Curiosity Knocks: "asses.masses" at Stamps Auditorium showed the power of building community

VISUAL ART THEATER & DANCE REVIEW

A person standing in front of videoscreen controller operating a video game on larger screen.

A scene captured at the 2023 presentation of asses.masses in San Francisco. Photo courtesy of UMS.

Even as I accepted the assignment to attend and write about asses.masses—a daylong collaborative video game art installation brought to Ann Arbor on February 15-16 by UMS—I wondered why I’d made this choice.

It would take me away from my family for nearly an entire Saturday (the program ran from 1-9:30 pm); I’d have to drive from Farmington to Stamps Auditorium on a snowy, freezing February day, all too aware that I’d also be hosting guests in my home the next morning; I had no idea what kind of food would be provided at the event; and while I’m an absolute puzzle fiend, I’m decidedly not a gamer. (The whole idea of Twitch, where viewers can watch others play video games, is something I still struggle to wrap my head around.)

If I’ve learned anything in recent years, though, it’s that I should always follow my curiosity, and I’d repeatedly wondered what this collective all-day video game experience would look and feel like.

My short answer, after attending asses.masses? Community-building. But let’s start with the basics.

Created by Canadian duo Patrick Blendarn and Milton Lim, the game’s narrative involves a herd of donkeys who have been replaced, as workers, by machines, so many of them decide to confront their human overlords and push back against their (existential) obsolescence.

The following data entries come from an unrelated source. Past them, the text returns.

(* Suppose $1 \le p, p_1, p_2 < \infty$ and $0 \le \alpha_1, \alpha_2 \le 1$ satisfy $\alpha_1 + \alpha_2 = 1$ and $\frac1p = \frac{\alpha_1}{p_1} + \frac{\alpha_2}{p_2}$. Suppose also $A = A_1 + A_2$ (non-negative integers). Let $U \subset B_R$ be a finite union of the balls $B_{K^2}$. Then $$ \| E f \|_{\mathrm{BL}^p_{k,A}(U)} \le \| E f \|^{\alpha_1}_{\mathrm{BL}^{p_1}_{k,A_1}(U)} \| E f \|^{\alpha_2}_{\mathrm{BL}^{p_2}_{k,A_2}(U)}.$$
   Context: $E f(x) := \int_{B^{n-1}} e^{ i ( x' \cdot \omega + x_n | \omega |^2) } f(\omega)\, d \omega$. $G(\omega) = (-2\omega,1)/|(-2\omega,1)|$. $B^{n-1}$ is a disjoint union of approximate balls $\tau$ of radius $K^{-1}$, $f_\tau = f 1_\tau$, $G(\tau)$ the image of $\tau$ under $G$, $\mathrm{Angle}(G(\tau),V)$ the smallest angle between nonzero vectors of $V$ and of $G(\tau)$. $B_R$ is decomposed into balls $B_{K^2}$ of radius $K^2$. For such a ball and exponent $p$, $\mu^{(p)}_{Ef}(B_{K^2}) := \min_{V_1,\dots,V_A} \max_{\tau: \mathrm{Angle}(G(\tau),V_a) > K^{-1}\,\forall a} \int_{B_{K^2}} |Ef_\tau|^p$, minimum over $(k-1)$-dimensional subspaces $V_a$ of $\mathbb{R}^n$ (when $A=0$, the maximum over all $\tau$). For $U$ a finite union of balls $B_{K^2}$, $\|Ef\|^p_{\mathrm{BL}^p_{k,A}(U)} := \sum_{B_{K^2}\subset U}\mu^{(p)}_{Ef}(B_{K^2})$. *)

theory Defs
  imports "HOL-Analysis.Analysis"
begin

text \<open>R^{n-1} is modelled by a Euclidean space 'a, and R^n by 'a \<times> real,
  a point x = (x', x_n).\<close>

definition Eop :: "('a::euclidean_space \<Rightarrow> complex) \<Rightarrow> 'a \<times> real \<Rightarrow> complex" where
  "Eop f x = integral (ball 0 1)
      (\<lambda>\<omega>. exp (\<i> * complex_of_real (fst x \<bullet> \<omega> + snd x * (norm \<omega>)^2)) * f \<omega>)"

definition Gmap :: "'a::euclidean_space \<Rightarrow> 'a \<times> real" where
  "Gmap \<omega> = (1 / norm (-2 *\<^sub>R \<omega>, 1::real)) *\<^sub>R (-2 *\<^sub>R \<omega>, 1::real)"

definition vangle :: "'b::real_inner \<Rightarrow> 'b \<Rightarrow> real" where
  "vangle u v = arccos ((u \<bullet> v) / (norm u * norm v))"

The first episode (of 10) introduces the main characters, named with an eye toward both humor and shorthand delineation (Nice Ass, Old Ass, Lazy Ass, Sad Ass, etc.). From the start, an audience member needs to stand the game’s controller, between the screen and the crowd, to advance the game. (Subsequent episodes were set in a mine, where the donkeys used to work, as well as a factory, a circus, an astral plane for donkeys, a nearby city, etc.) There was no shortage of volunteers, and after each person or pair took a turn completing tasks or gathering information—receiving occasional input/feedback from the audience along the way—they handed it off to the next person.

One of my first observations involved the people sitting around me: there were far more young men than I usually see at a UMS event; and while occasional, brief disagreements occurred throughout the day—which response to choose when we were given options, or whether a duo at the controls who were struggling to make it through a level should hand it off or push through themselves—the crowd consistently cheered each other on, working collaboratively to figure out the game’s various tasks, and applauding when a player progressed through a level.

Plus, each time we completed two episodes (roughly between 90 minutes and two hours), we had an intermission (“of indeterminate length”) to hit the bathroom and get some food. (Snacks included fruit and veggies, cheese crackers, Doritos, chips, and candy; dinner was lentil soup and samosas; dessert consisted of ice cream/sorbet options.) Eating snacks while hanging out with a room full of people engaged in a game that lasts for hours—well, it viscerally brought me back to my days living in East Quad in the early ‘90s, as did the game’s sly, winking nods to early video game hits like Pong and Frogger.

In adulthood, we don’t often allow ourselves such multi-hour indulgences, so for me, there was a time machine feel to asses.masses, too—a liberating sense that all that was being asked of me, all day long, was that I engage with this in-person community and its pretend mission.

This gets us back to the aforementioned community-building. It wasn’t lost on me that as we were helping the donkeys build a coalition, we were inevitably doing the same ourselves. Yes, when we had three options, and there was no clear consensus, the player at the controls had to make an individual judgment call. Generally, though, majority votes won out, and everyone stayed engaged, whether their choice won the day or not, all in hopes of achieving the big-picture goal.

In addition, the game’s circuitous journey, with its occasional detours into absurdity (donkey orgies and raves in the astral plain?) and boredom (workmanlike levels that tested our focus), reminded me that the process of establishing a collective, complex system is similar to crossing a minefield packed with such distractions and challenges. To make something epically ambitious happen, you have to ride through it all together.

And let’s face it: the donkeys’ challenge is our own. With AI changing the world at breakneck speed, and federal employees facing mass layoffs, we’re now staring down our own imminent obsolescence, leaving us with unnerving existential questions about the quintessential value of human thought and labor. Who will we be without work, or a larger purpose that drives us?

While asses.masses doesn’t really offer up answers, of course, it was an innovative, strange, fun, and compelling way to explore daunting questions, while also arguing the value of coming together as a community to work through disagreement and challenges.

I absolutely counted asses.masses as one more vote in favor of following my curiosity.


Jenn McKee is a former staff arts reporter for The Ann Arbor News, where she primarily covered theater and film events, and also wrote general features and occasional articles on books and music.